MAURO PAES CORREA

Tecnologia da Incomodação


Uso este trocadilho, que muitos profissionais acabam adotando, uns em tom sério, outros como uma anedota para a realidade do mercado de Tecnologia, diante de tanto estresse e recentes notícias nas redes profissionais de contatos do aumento de síndrome de Burnout e o afastamento de alguns profissionais por questões de saúde mental no mercado de trabalho em áreas correlatas à Tecnologia da Informação.

Trabalho há vinte e quatro anos neste segmento e a melhor dica que profissionais da área podem seguir, é a de possuir um hobby. A pressão por resultados, imediatismo na resolução de problemas, uma vez que chegamos em um momento em que ironicamente, as pessoas e empresas conseguem viver por algumas horas sem energia elétrica e estão ligadas quase que umbilicalmente à um sistema de gestão ou aplicativo, seja ele de mensagem ou rede social.

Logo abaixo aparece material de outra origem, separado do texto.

lemma error_term_powr_bound:
  fixes x k K Z C L B \<kappa> \<zeta> :: real
  assumes "0 < x" "0 \<le> k" "k \<le> K * x powr \<kappa>" "0 \<le> Z" "Z \<le> C * x powr \<zeta>" "0 \<le> L" "L \<le> B"
  shows "4 * k\<^sup>2 * Z * L / x \<le> 4 * K\<^sup>2 * C * B * x powr (2 * \<kappa> + \<zeta> - 1)"
proof -
  have k2: "k\<^sup>2 \<le> (K * x powr \<kappa>)\<^sup>2"
    using assms(2,3) by (intro power_mono)
  have ZL: "Z * L \<le> (C * x powr \<zeta>) * B"
    using assms(4-7) by (intro mult_mono) auto
  have "k\<^sup>2 * (Z * L) \<le> (K * x powr \<kappa>)\<^sup>2 * ((C * x powr \<zeta>) * B)"
    by (rule mult_mono[OF k2 ZL]) (use assms(4,6) in auto)
  then have "4 * k\<^sup>2 * Z * L / x \<le> 4 * ((K * x powr \<kappa>)\<^sup>2 * ((C * x powr \<zeta>) * B)) / x"
    using assms(1) by (intro divide_right_mono) (simp_all add: mult.assoc)
  also have "\<dots> = 4 * K\<^sup>2 * C * B * (x powr \<kappa> * x powr \<kappa> * x powr \<zeta> / x)"
    by (simp only: power2_eq_square mult_ac times_divide_eq_right)
  also have "x powr \<kappa> * x powr \<kappa> * x powr \<zeta> / x = x powr (2 * \<kappa> + \<zeta> - 1)"
  proof -
    have "2 * \<kappa> + \<zeta> - 1 = \<kappa> + \<kappa> + \<zeta> - 1" by simp
    then show ?thesis using assms(1) by (simp only: powr_diff powr_add powr_one)
  qed
  finally show ?thesis .
qed

theorem corollary1:
  fixes z :: "nat \<Rightarrow> nat \<Rightarrow> real"
    and k :: "nat \<Rightarrow> nat"
    and \<zeta> \<kappa> :: real
    and \<mu> :: "nat \<Rightarrow> (nat \<Rightarrow> nat \<Rightarrow> complex) measure"
  assumes z_ge1: "\<And>n j. j < n \<Longrightarrow> z n j \<ge> 1"
    and zeta: "0 \<le> \<zeta>" "\<zeta> < 1"
    and squeezing: "\<exists>C>0. \<forall>\<^sub>F n in sequentially. Znorm n z \<le> C * real n powr \<zeta>"
    and energy_bdd: "\<exists>B. \<forall>n. avg_energy n z \<le> B"
    and k_range: "\<And>n. n \<ge> 1 \<Longrightarrow> 1 \<le> k n \<and> k n \<le> n"
    and kappa: "0 \<le> \<kappa>" "\<kappa> < 1"
    and k_bdd: "\<exists>K>0. \<forall>\<^sub>F n in sequentially. real (k n) \<le> K * real n powr \<kappa>"
    and haar: "\<And>n. haar_unitary n (\<mu> n)"
  shows "\<exists>C. \<forall>\<^sub>F n in sequentially.
     \<bar>(\<integral>U. mtrace (2 * k n) (mmul (2 * k n) (mmul (2 * k n) (Jmat (k n)) (Mnk n (k n) z U))
                                               (mmul (2 * k n) (Jmat (k n)) (Mnk n (k n) z U))) \<partial>\<mu> n)
       - (- 2 * real (k n) * (avg_energy n z)\<^sup>2)\<bar>
     \<le> C * real n powr (2 * \<kappa> + \<zeta> - 1)"
  (is "\<exists>C. \<forall>\<^sub>F n in sequentially. ?err n \<le> C * ?rate n")
proof -
  obtain Cz where Cz: "\<forall>\<^sub>F n in sequentially. Znorm n z \<le> Cz * real n powr \<zeta>"
    using squeezing by blast
  obtain K where K: "\<forall>\<^sub>F n in sequentially. real (k n) \<le> K * real n powr \<kappa>"
    using k_bdd by blast
  obtain B where B: "\<And>n. avg_energy n z \<le> B"
    using energy_bdd by blast
  have "\<forall>\<^sub>F n in sequentially. ?err n \<le> 4 * K\<^sup>2 * Cz * B * ?rate n"
    using Cz K eventually_ge_at_top[of 2]
  proof eventually_elim
    case (elim n)
    then have k: "1 \<le> k n" "k n \<le> n" using k_range[of n] by auto
    have "?err n \<le> 4 * (real (k n))\<^sup>2 * Znorm n z * avg_energy n z / real n"
      using z_ge1 by (intro expected_trace_JM_squared_error[OF haar elim(3) k]) auto
    also have "\<dots> \<le> 4 * K\<^sup>2 * Cz * B * ?rate n"
      using elim Znorm_ge[of 0 n z] avg_energy_nonneg[of n z] z_ge1 B[of n]
      by (intro error_term_powr_bound) auto
    finally show ?case .
  qed
  then show ?thesis by blast
qed

end
(* Let $G$ be a finite connected graph (multiple edges allowed, no loops) with vertices $v_1,\dots,v_n$, and let $i\neq j$. The pair $\{v_i,v_j\}$ has order $1$ if and only if there is a path $\mathcal{P}$ in $G$ from $v_i$ to $v_j$ (with pairwise distinct edges) such that for every edge $e$ of $\mathcal{P}$ the graph $G\setminus\{e\}$ is disconnected. Consequently, $G$ is multiply connected if and only if its Laplacian is spread.
   Context: For $i\neq j$ let $c_{ij}$ be the number of edges joining $v_i$ and $v_j$, and let $c_{ii}=-\sum_{j\neq i}c_{ij}$. Let $M(G)=(c_{ij})\in M_n(\mathbb{Z})$; the Laplacian of $G$ is $-M(G)$. Let $e_1,\dots,e_n$ be the standard basis of $\mathbb{Z}^n$ and $E_{ij}=e_i-e_j$. For an integer $h>0$, a pair $\{v_i,v_j\}$ ($i\ne j$) has order $h$ if there is $S=(s_1,\dots,s_n)^t\in\mathbb{Z}^n$ with $M(G)S=hE_{ij}$ and $\gcd(s_1-s_n,\dots,s_{n-1}-s_n)=1$; equivalently, the image of $E_{ij}$ in $\mathbb{Z}^n/\mathrm{Im}(M(G))$ has order exactly $h$. A graph is multiply connected if removing any single edge leaves it connected. A matrix $M\in M_n(\mathbb{Z})$ is spread if the quotient map $\mathbb{Z}^n\to\mathbb{Z}^n/\mathrm{Im}(M)$ (where $\mathrm{Im}(M)$ is the $\mathbb{Z}$-span of the columns) is injective on $\{e_1,\dots,e_n\}$, i.e. no $E_{ij}$ ($i\neq j$) lies in $\mathrm{Im}(M)$. *)

theory Defs
  imports Main
begin

text \<open>A finite multigraph without loops on vertex set {0..<n} (vertex v_(k+1) is k):
  edges form a finite set E of type 'e, each edge e having endpoints ep e = (a,b).\<close>

definition wf_multigraph :: "nat \<Rightarrow> 'e set \<Rightarrow> ('e \<Rightarrow> nat \<times> nat) \<Rightarrow> bool" where
  "wf_multigraph n E ep \<longleftrightarrow> finite E \<and>
     (\<forall>e\<in>E. fst (ep e) < n \<and> snd (ep e) < n \<and> fst (ep e) \<noteq> snd (ep e))"

definition joins :: "('e \<Rightarrow> nat \<times> nat) \<Rightarrow> 'e \<Rightarrow> nat \<Rightarrow> nat \<Rightarrow> bool" where
  "joins ep e u v \<longleftrightarrow> ep e = (u, v) \<or> ep e = (v, u)"

definition adj_rel :: "'e set \<Rightarrow> ('e \<Rightarrow> nat \<times> nat) \<Rightarrow> (nat \<times> nat) set" where
  "adj_rel F ep = {(u, v). \<exists>e\<in>F. joins ep e u v}"

definition mg_connected :: "nat \<Rightarrow> 'e set \<Rightarrow> ('e \<Rightarrow> nat \<times> nat) \<Rightarrow> bool" where
  "mg_connected n F ep \<longleftrightarrow> (\<forall>u<n. \<forall>v<n. (u, v) \<in> (adj_rel F ep)\<^sup>*)"

definition multiply_connected :: "nat \<Rightarrow> 'e set \<Rightarrow> ('e \<Rightarrow> nat \<times> nat) \<Rightarrow> bool" where
  "multiply_connected n E ep \<longleftrightarrow> (\<forall>e\<in>E. mg_connected n (E - {e}) ep)"

definition is_path :: "'e set \<Rightarrow> ('e \<Rightarrow> nat \<times> nat) \<Rightarrow> nat \<Rightarrow> nat \<Rightarrow> 'e list \<Rightarrow> nat list \<Rightarrow> bool" where
  "is_path E ep i j es vs \<longleftrightarrow> set es \<subseteq> E \<and> distinct es \<and>
     length vs = Suc (length es) \<and> vs ! 0 = i \<and> vs ! length es = j \<and>
     (\<forall>k<length es. joins ep (es ! k) (vs ! k) (vs ! Suc k))"

definition Mmat :: "'e set \<Rightarrow> ('e \<Rightarrow> nat \<times> nat) \<Rightarrow> nat \<Rightarrow> nat \<Rightarrow> nat \<Rightarrow> int" where
  "Mmat E ep n i j = (if i = j then - (\<Sum>k\<in>{0..<n} - {i}. int (card {e\<in>E. joins ep e i k}))
                      else int (card {e\<in>E. joins ep e i j}))"

definition matvec :: "nat \<Rightarrow> (nat \<Rightarrow> nat \<Rightarrow> int) \<Rightarrow> (nat \<Rightarrow> int) \<Rightarrow> nat \<Rightarrow> int" where
  "matvec n A x = (\<lambda>i. \<Sum>j<n. A i j * x j)"

definition Evec :: "nat \<Rightarrow> nat \<Rightarrow> nat \<Rightarrow> int" where
  "Evec i j = (\<lambda>k. (if k = i then 1 else 0) - (if k = j then 1 else 0))"

text \<open>The pair {v_i, v_j} has order h (paper's definition; indices 0-based, s_n is s (n-1)).\<close>
definition has_order :: "nat \<Rightarrow> (nat \<Rightarrow> nat \<Rightarrow> int) \<Rightarrow> nat \<Rightarrow> nat \<Rightarrow> nat \<Rightarrow> bool" where
  "has_order n A i j h \<longleftrightarrow> (\<exists>s :: nat \<Rightarrow> int.
     (\<forall>k<n. matvec n A s k = int h * Evec i j k) \<and>
     Gcd ((\<lambda>k. s k - s (n - 1)) ` {0..<n - 1}) = 1)"

definition in_image :: "nat \<Rightarrow> (nat \<Rightarrow> nat \<Rightarrow> int) \<Rightarrow> (nat \<Rightarrow> int) \<Rightarrow> bool" where
  "in_image n A y \<longleftrightarrow> (\<exists>x :: nat \<Rightarrow> int. \<forall>k<n. matvec n A x k = y k)"

definition spread :: "nat \<Rightarrow> (nat \<Rightarrow> nat \<Rightarrow> int) \<Rightarrow> bool" where
  "spread n A \<longleftrightarrow> (\<forall>i<n. \<forall>j<n. i \<noteq> j \<longrightarrow> \<not> in_image n A (Evec i j))"

definition laplacian :: "'e set \<Rightarrow> ('e \<Rightarrow> nat \<times> nat) \<Rightarrow> nat \<Rightarrow> nat \<Rightarrow> nat \<Rightarrow> int" where
  "laplacian E ep n i j = - Mmat E ep n i j"

end

theory Submission
  imports Defs
begin

text \<open>Write (M s)_k as a sum over the edges at k of the differences of s along them. Summing
  over a vertex set U, the edges inside U cancel, leaving the flow of s across the boundary of U.

  Suppose M s = E_ij and s q < s p along an edge pq. On the upper level set
  U = {k. s p \<le> s k} every edge leaving U contributes at most -1 to the flow, while the
  total flow is [i \<in> U] - [j \<in> U] \<ge> -1; so pq is the only edge leaving U and it is a bridge.
  Applied to the component of i in the graph of edges along which s is nonconstant, the
  total flow is 0, so that component contains j: i and j are joined by a path of bridges.
  Conversely, a bridge uv gives E_uv = M s for s the indicator of the side of v, and these
  vectors telescope along a path. For h = 1 the gcd condition in the definition of the order
  is automatic, since the gcd of the differences of s divides every entry of M s.\<close>

definition edge_flow :: "('e \<Rightarrow> nat \<times> nat) \<Rightarrow> (nat \<Rightarrow> int) \<Rightarrow> 'e \<Rightarrow> nat \<Rightarrow> int" where
  "edge_flow ep s e k =
     (if fst (ep e) = k then s (snd (ep e)) - s (fst (ep e)) else 0) +
     (if snd (ep e) = k then s (fst (ep e)) - s (snd (ep e)) else 0)"

definition boundary_flow :: "('e \<Rightarrow> nat \<times> nat) \<Rightarrow> (nat \<Rightarrow> int) \<Rightarrow> nat set \<Rightarrow> 'e \<Rightarrow> int" where
  "boundary_flow ep s U e =
     (if fst (ep e) \<in> U then s (snd (ep e)) - s (fst (ep e)) else 0) +
     (if snd (ep e) \<in> U then s (fst (ep e)) - s (snd (ep e)) else 0)"

lemma sum_edge_flow: "finite U \<Longrightarrow> (\<Sum>k\<in>U. edge_flow ep s e k) = boundary_flow ep s U e"
  unfolding edge_flow_def boundary_flow_def by (simp add: sum.distrib)

lemma wf_multigraph_edge:
  "wf_multigraph n E ep \<Longrightarrow> e \<in> E \<Longrightarrow> fst (ep e) < n \<and> snd (ep e) < n \<and> fst (ep e) \<noteq> snd (ep e)"
  unfolding wf_multigraph_def by auto

lemma matvec_Mmat:
  assumes wf: "wf_multigraph n E ep" and k: "k < n"
  shows "matvec n (Mmat E ep n) s k = (\<Sum>e\<in>E. edge_flow ep s e k)"
proof -
  let ?A = "\<lambda>l. {e\<in>E. joins ep e k l}"
  let ?T = "{0..<n} - {k}"
  define S where "S = {e\<in>E. fst (ep e) = k \<or> snd (ep e) = k}"
  define other_end where "other_end e = (if fst (ep e) = k then snd (ep e) else fst (ep e))" for e
  have fin: "finite E" using wf unfolding wf_multigraph_def by auto
  have "matvec n (Mmat E ep n) s k = Mmat E ep n k k * s k + (\<Sum>l\<in>?T. Mmat E ep n k l * s l)"
    unfolding matvec_def using k
    by (simp add: atLeast0LessThan[symmetric] sum.remove[of "{0..<n}" k])
  also have "\<dots> = (\<Sum>l\<in>?T. int (card (?A l)) * (s l - s k))"
    by (simp add: Mmat_def sum_distrib_right right_diff_distrib sum_subtractf)
  also have "\<dots> = (\<Sum>l\<in>?T. \<Sum>e\<in>{e \<in> S. other_end e = l}. edge_flow ep s e k)"
  proof (rule sum.cong[OF refl])
    fix l assume l: "l \<in> ?T"
    have "?A l = {e \<in> S. other_end e = l}"
      using l by (auto simp: S_def other_end_def joins_def prod_eq_iff)
    moreover have "edge_flow ep s e k = s l - s k" if "e \<in> ?A l" for e
      using that l by (cases "ep e") (auto simp: edge_flow_def joins_def)
    ultimately show "int (card (?A l)) * (s l - s k) =
        (\<Sum>e\<in>{e \<in> S. other_end e = l}. edge_flow ep s e k)"
      by simp
  qed
  also have "\<dots> = (\<Sum>e\<in>S. edge_flow ep s e k)"
  proof (rule sum.group)
    show "finite S" using fin by (simp add: S_def)
    show "other_end ` S \<subseteq> ?T" using wf unfolding S_def other_end_def wf_multigraph_def by force
  qed simp
  also have "\<dots> = (\<Sum>e\<in>E. edge_flow ep s e k)"
    by (rule sum.mono_neutral_left) (auto simp: fin S_def edge_flow_def)
  finally show ?thesis .
qed

lemma sum_matvec_Mmat:
  assumes wf: "wf_multigraph n E ep" and U: "U \<subseteq> {0..<n}"
  shows "(\<Sum>k\<in>U. matvec n (Mmat E ep n) s k) = (\<Sum>e\<in>E. boundary_flow ep s U e)"
proof -
  have fU: "finite U" using U finite_subset by blast
  have "(\<Sum>k\<in>U. matvec n (Mmat E ep n) s k) = (\<Sum>k\<in>U. \<Sum>e\<in>E. edge_flow ep s e k)"
    using U matvec_Mmat[OF wf] by (intro sum.cong) auto
  also have "\<dots> = (\<Sum>e\<in>E. \<Sum>k\<in>U. edge_flow ep s e k)" by (rule sum.swap)
  finally show ?thesis by (simp add: sum_edge_flow[OF fU])
qed

lemma sum_Evec:
  "finite U \<Longrightarrow> (\<Sum>k\<in>U. Evec i j k) = (if i \<in> U then 1 else 0) - (if j \<in> U then 1 else 0)"
  unfolding Evec_def by (simp add: sum_subtractf)

lemma sum_boundary_flow_of_solution:
  assumes wf: "wf_multigraph n E ep" and s: "\<forall>k<n. matvec n (Mmat E ep n) s k = Evec i j k"
    and U: "U \<subseteq> {0..<n}"
  shows "(\<Sum>e\<in>E. boundary_flow ep s U e) = (if i \<in> U then 1 else 0) - (if j \<in> U then 1 else 0)"
proof -
  have "(\<Sum>e\<in>E. boundary_flow ep s U e) = (\<Sum>k\<in>U. Evec i j k)"
    using U s by (simp add: sum_matvec_Mmat[OF wf U, symmetric] subset_eq)
  then show ?thesis using U finite_subset sum_Evec by (metis finite_atLeastLessThan)
qed

lemma dvd_matvec_Mmat:
  assumes wf: "wf_multigraph n E ep" and k: "k < n"
    and dvd: "\<And>a b. a < n \<Longrightarrow> b < n \<Longrightarrow> d dvd s a - s b"
  shows "d dvd matvec n (Mmat E ep n) s k"
proof -
  have "d dvd edge_flow ep s e k" if "e \<in> E" for e
    using wf_multigraph_edge[OF wf that] dvd unfolding edge_flow_def by (intro dvd_add) auto
  then show ?thesis unfolding matvec_Mmat[OF wf k] by (intro dvd_sum)
qed

definition is_walk :: "'e set \<Rightarrow> ('e \<Rightarrow> nat \<times> nat) \<Rightarrow> nat \<Rightarrow> nat \<Rightarrow> 'e list \<Rightarrow> nat list \<Rightarrow> bool" where
  "is_walk F ep i j es vs \<longleftrightarrow> set es \<subseteq> F \<and>
     length vs = Suc (length es) \<and> vs ! 0 = i \<and> vs ! length es = j \<and>
     (\<forall>k<length es. joins ep (es ! k) (vs ! k) (vs ! Suc k))"

lemma is_path_iff_is_walk: "is_path F ep i j es vs \<longleftrightarrow> is_walk F ep i j es vs \<and> distinct es"
  unfolding is_path_def is_walk_def by auto

lemma is_walk_take:
  assumes "is_walk F ep i j es vs" "p < length vs"
  shows "is_walk F ep i (vs ! p) (take p es) (take (Suc p) vs)"
  using assms unfolding is_walk_def by (auto dest: in_set_takeD)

Como transformar a “Tecnologia da Incomodação” em Tecnologia da Informação, para que os profissionais possam ter saúde mental dentro e fora do trabalho? A resposta não é simples, mas começa com o engajamento dos gestores, proprietários (CEOs) e líderes em reconhecer a importância do trabalho de cada um dos colaboradores e prover uma cultura de compartilhamento de conhecimentos entre a equipe, para que haja auxílio mútuo entre eles, evitando a sobrecarga de trabalho e a sinergia. Facilita imensamente, quanto ao período aquisitivo de férias, pois infelizmente muitas empresas, mesmo que não sejam de tecnologia, transformam o profissional em um “ser insubstituível”. Não sou adepto desta cultura, e acima de um CNPJ, existe vidas, projetos e aspirações que devem ser respeitadas. Um profissional com tratamento de forma justa, “veste” a camisa da empresa e traz resultados que muitas vezes surpreendem a chefia. É interessante aprimorar a cultura da empresa, do que perder aquele profissional que até então era considerado indispensável e impossibilitado de tirar férias. Pense nisso!